Challenger blew up because management over rode the engineers. The temperature was far below specifications for the "O" rings but management said (if my memory is correct) "can you prove to me it will blow up?" One of the stupidest questions in history.
It is certainly beyond me to write the manual but two comments: Chernobel was an excercise in corruption and incompetance. Japan was just the sort of thing you watch out for. Built fifteen feet above sea level. Never had a tidal wave that high. But the real question is could there be a tidal wave that high if the right kind of earthquake happened. Yes. So what is the right question: what is the largest tidal wave ever recorded and is their any concievable way we could get one large enough to reach the plant. Then come the details of plant design and construction.
Bottom line; the advantages of nuclear power: no emissions, no storage probems, etc. would be a huge help in emission reduction if done right. End of Part 1.

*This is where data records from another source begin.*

lemma in_salg_lX: "i \<in> J \<Longrightarrow> in_salg J (lX i)"
  unfolding in_salg_def by transfer (rule salg.genx)

lemma in_salg_lY: "i \<in> J \<Longrightarrow> in_salg J (lY i)"
  unfolding in_salg_def by transfer (rule salg.geny)

lemma in_salg_lE: "i \<in> J \<Longrightarrow> in_salg J (lE i k l)"
  unfolding in_salg_def by transfer (rule salg_Est)

lemma in_salg_lEI: "finite I \<Longrightarrow> I \<subseteq> J \<Longrightarrow> in_salg J (lEI \<alpha> \<beta> I)"
  unfolding in_salg_def by transfer (rule salg_EI)

lemma in_salg_lmu: "finite I \<Longrightarrow> I \<subseteq> J \<Longrightarrow> in_salg J (lmu I c)"
  unfolding in_salg_def by transfer (rule salg_muI)

lemma in_salg_disjoint_commute: "in_salg J A \<Longrightarrow> in_salg K B \<Longrightarrow> J \<inter> K = {} \<Longrightarrow> A * B = B * A"
  unfolding in_salg_def by (metis salg_disjoint_commute Rep_linop_inject Rep_linop_times)

lemma lY_times_lX: "lY i * lX i = (1 :: 'a::field linop)"
  by transfer (auto simp: Xop_def Yop_def fun_eq_iff)

lemma lE_00: "lE i 0 0 = 1 - lX i * lY i"
  by transfer (simp add: Est_def opsub_def)

lemma lE_times_lE: "lE i k l * lE i k' l' = (if l = k' then lE i k l' else 0)"
  by transfer (auto simp: Est_apply fun_eq_iff)

lemma lEI_times_lEI:
  assumes "finite I"
  shows "lEI \<alpha> \<beta> I * lEI \<gamma> \<delta> I = (if \<forall>j\<in>I. \<beta> j = \<gamma> j then lEI \<alpha> \<delta> I else 0)"
proof (transfer fixing: I)
  fix \<alpha> \<beta> \<gamma> \<delta> :: "nat \<Rightarrow> nat"
  have "(\<lambda>j. if j \<in> I then \<delta> j else (if j \<in> I then \<beta> j else g j)) = (\<lambda>j. if j \<in> I then \<delta> j else g j)"
    for g :: "nat \<Rightarrow> nat" by auto
  with assms show "(EI \<alpha> \<beta> I :: 'a sop) \<circ> EI \<gamma> \<delta> I = (if \<forall>j\<in>I. \<beta> j = \<gamma> j then EI \<alpha> \<delta> I else (\<lambda>f \<alpha>. 0))"
    by (auto simp: EI_apply fun_eq_iff)
qed

lemma lEI_insert:
  assumes "finite I" "n \<notin> I"
  shows "lEI \<alpha> \<beta> (insert n I) = lEI \<alpha> \<beta> I * lE n (\<alpha> n) (\<beta> n)"
proof (transfer fixing: I n)
  fix \<alpha> \<beta> :: "nat \<Rightarrow> nat"
  have override: "(\<lambda>j. if j \<in> I then \<beta> j else g j)(n := \<beta> n) = (\<lambda>j. if j \<in> insert n I then \<beta> j else g j)"
    for g :: "nat \<Rightarrow> nat" by auto
  show "(EI \<alpha> \<beta> (insert n I) :: 'a sop) = EI \<alpha> \<beta> I \<circ> Est (\<alpha> n) (\<beta> n) n"
    using assms by (intro ext) (auto simp: EI_apply Est_apply override)
qed

lemma lmu_times_lmu: "finite J \<Longrightarrow> lmu J c * lmu J d = lmu J (c * d)"
  by transfer (auto simp: muI_def opadd_def opsmult_def opsub_def eI_apply fun_eq_iff)

lemma lmu_1: "lmu J 1 = 1"
  by transfer (simp add: muI_def opadd_def opsmult_def opsub_def fun_eq_iff)

section \<open>Membership in E_oo(S_{n-1})\<close>

lemma Einf_n_comp: "g \<in> Einf_n n \<Longrightarrow> h \<in> Einf_n n \<Longrightarrow> g \<circ> h \<in> Einf_n n"
  unfolding Einf_n_def by (rule gen_grp_comp)

lemma Einf_n_generator:
  "in_salg {1..<n} A \<Longrightarrow> k \<noteq> l \<Longrightarrow> Rep_linop (1 + A * lE n k l) \<in> (Einf_n n :: 'a::field sop set)"
  unfolding Einf_n_def in_salg_def
  by (rule gen_grp_generator) (auto simp: Rep_linop_plus Rep_linop_one Rep_linop_times lE.rep_eq)

lemma in_salg_commute_lE: "in_salg {1..<n} A \<Longrightarrow> lE n a b * A = A * lE n a b"
  by (rule in_salg_disjoint_commute[OF in_salg_lE[of n "{n}"]]) auto

lemma elementary_subgroup_Einf_n:
  "elementary_subgroup (lE n) {A. in_salg {1..<n} A} {A. Rep_linop A \<in> (Einf_n n :: 'a::field sop set)}"
  by unfold_locales
    (auto simp: lE_times_lE in_salg_commute_lE in_salg_one in_salg_diff Einf_n_generator
      Rep_linop_times Einf_n_comp)

lemma Rep_linop_lmu_corner:
  assumes "finite J" "i \<notin> J" "n \<notin> J" "i \<noteq> n"
  shows "Rep_linop (1 + (lmu J c - 1) * lE i 0 0 * lE n 0 0) = muI (insert i (insert n J)) c"
proof -
  have "opadd id (opsub (muI J c) id \<circ> Est 0 0 i \<circ> Est 0 0 n) f \<gamma> = muI (insert i (insert n J)) c f \<gamma>"
    for f :: "(nat \<Rightarrow> nat) \<Rightarrow> 'a" and \<gamma>
    using assms
    by (auto simp: muI_def opadd_def opsmult_def opsub_def eI_apply Est_apply fun_upd_idem algebra_simps)
  then show ?thesis
    by (simp add: Rep_linop_plus Rep_linop_one Rep_linop_times minus_linop.rep_eq lmu.rep_eq lE.rep_eq fun_eq_iff)
qed

lemma UI_subset_Einf_n:
  assumes "I \<subseteq> {1..n}" "n \<in> I" "2 \<le> card I"
  shows "UI I \<subseteq> (Einf_n n :: 'a::field sop set)"
proof
  fix g :: "'a sop" assume "g \<in> UI I"
  then obtain c where g: "g = muI I c" and "c \<noteq> 0" unfolding UI_def by blast
  have "finite I" using assms(1) finite_subset by blast
  have "\<not> I \<subseteq> {n}"
    using card_mono[of "{n}" I] assms(3) by auto
  then obtain i where i: "i \<in> I" "i \<noteq> n" by blast
  define J where "J = I - {i, n}"
  have "finite J" "J \<subseteq> {1..<n}" "i \<in> {1..<n}"
    using \<open>finite I\<close> assms(1) i unfolding J_def by auto
  interpret E: elementary_subgroup "lE n" "{A. in_salg {1..<n} A}" "{A. Rep_linop A \<in> (Einf_n n :: 'a sop set)}"
    by (rule elementary_subgroup_Einf_n)
  have R: "in_salg {1..<n} (lX i)" "in_salg {1..<n} (lY i)"
    "in_salg {1..<n} (lmu J c)" "in_salg {1..<n} (lmu J (1 / c))"
    using \<open>i \<in> {1..<n}\<close> \<open>finite J\<close> \<open>J \<subseteq> {1..<n}\<close> by (auto intro: in_salg_lX in_salg_lY in_salg_lmu)
  have "in_salg J (lmu J c)" "in_salg J (lmu J (1 / c))" "in_salg {i} (lX i)" "in_salg {i} (lY i)"
    using \<open>finite J\<close> by (auto intro: in_salg_lX in_salg_lY in_salg_lmu)
  moreover have "J \<inter> {i} = {}" unfolding J_def by blast
  ultimately have commute: "lmu J c * lX i = lX i * lmu J c" "lmu J c * lY i = lY i * lmu J c"
    "lmu J (1 / c) * lX i = lX i * lmu J (1 / c)" "lmu J (1 / c) * lY i = lY i * lmu J (1 / c)"
    by (auto intro: in_salg_disjoint_commute)
  have inverse: "lmu J c * lmu J (1 / c) = 1" "lmu J (1 / c) * lmu J c = 1"
    using \<open>finite J\<close> \<open>c \<noteq> 0\<close> by (simp_all add: lmu_times_lmu lmu_1)
  have "Rep_linop (1 + (lmu J c - 1) * lE i 0 0 * lE n 0 0) \<in> Einf_n n"
    unfolding lE_00[of i] using R commute inverse lY_times_lX
    by (intro E.corner_in_G[of "lX i" "lY i" "lmu J c" "lmu J (1 / c)" 0 2 1, simplified]) auto
  moreover have "I = insert i (insert n J)" using i assms(2) unfolding J_def by auto
  ultimately show "g \<in> Einf_n n"
    using Rep_linop_lmu_corner[OF \<open>finite J\<close>, of i n c] i unfolding g J_def by auto
qed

Part 2 is what I consider the definitive scientific report on the role of nucer power. It was donc at MIT and you can reach it by clicking on MIT NUCLEAR STUDY.
A pdf file of the complete report is available at MIT NUCLEAR STUDY PDF. The conclusions reached were briefly as follows:
1. It is very expensive but that could be offset by standardized prefab designs built in factories.
2. Proven designs should be used rather that something like sodium cooled reactors which present too many risks.
3. Reactors should be built in a number of sizes with the largest probably one gigawatt with the possibility of reactors as small as 1 megawatt to increase flexibility in siting.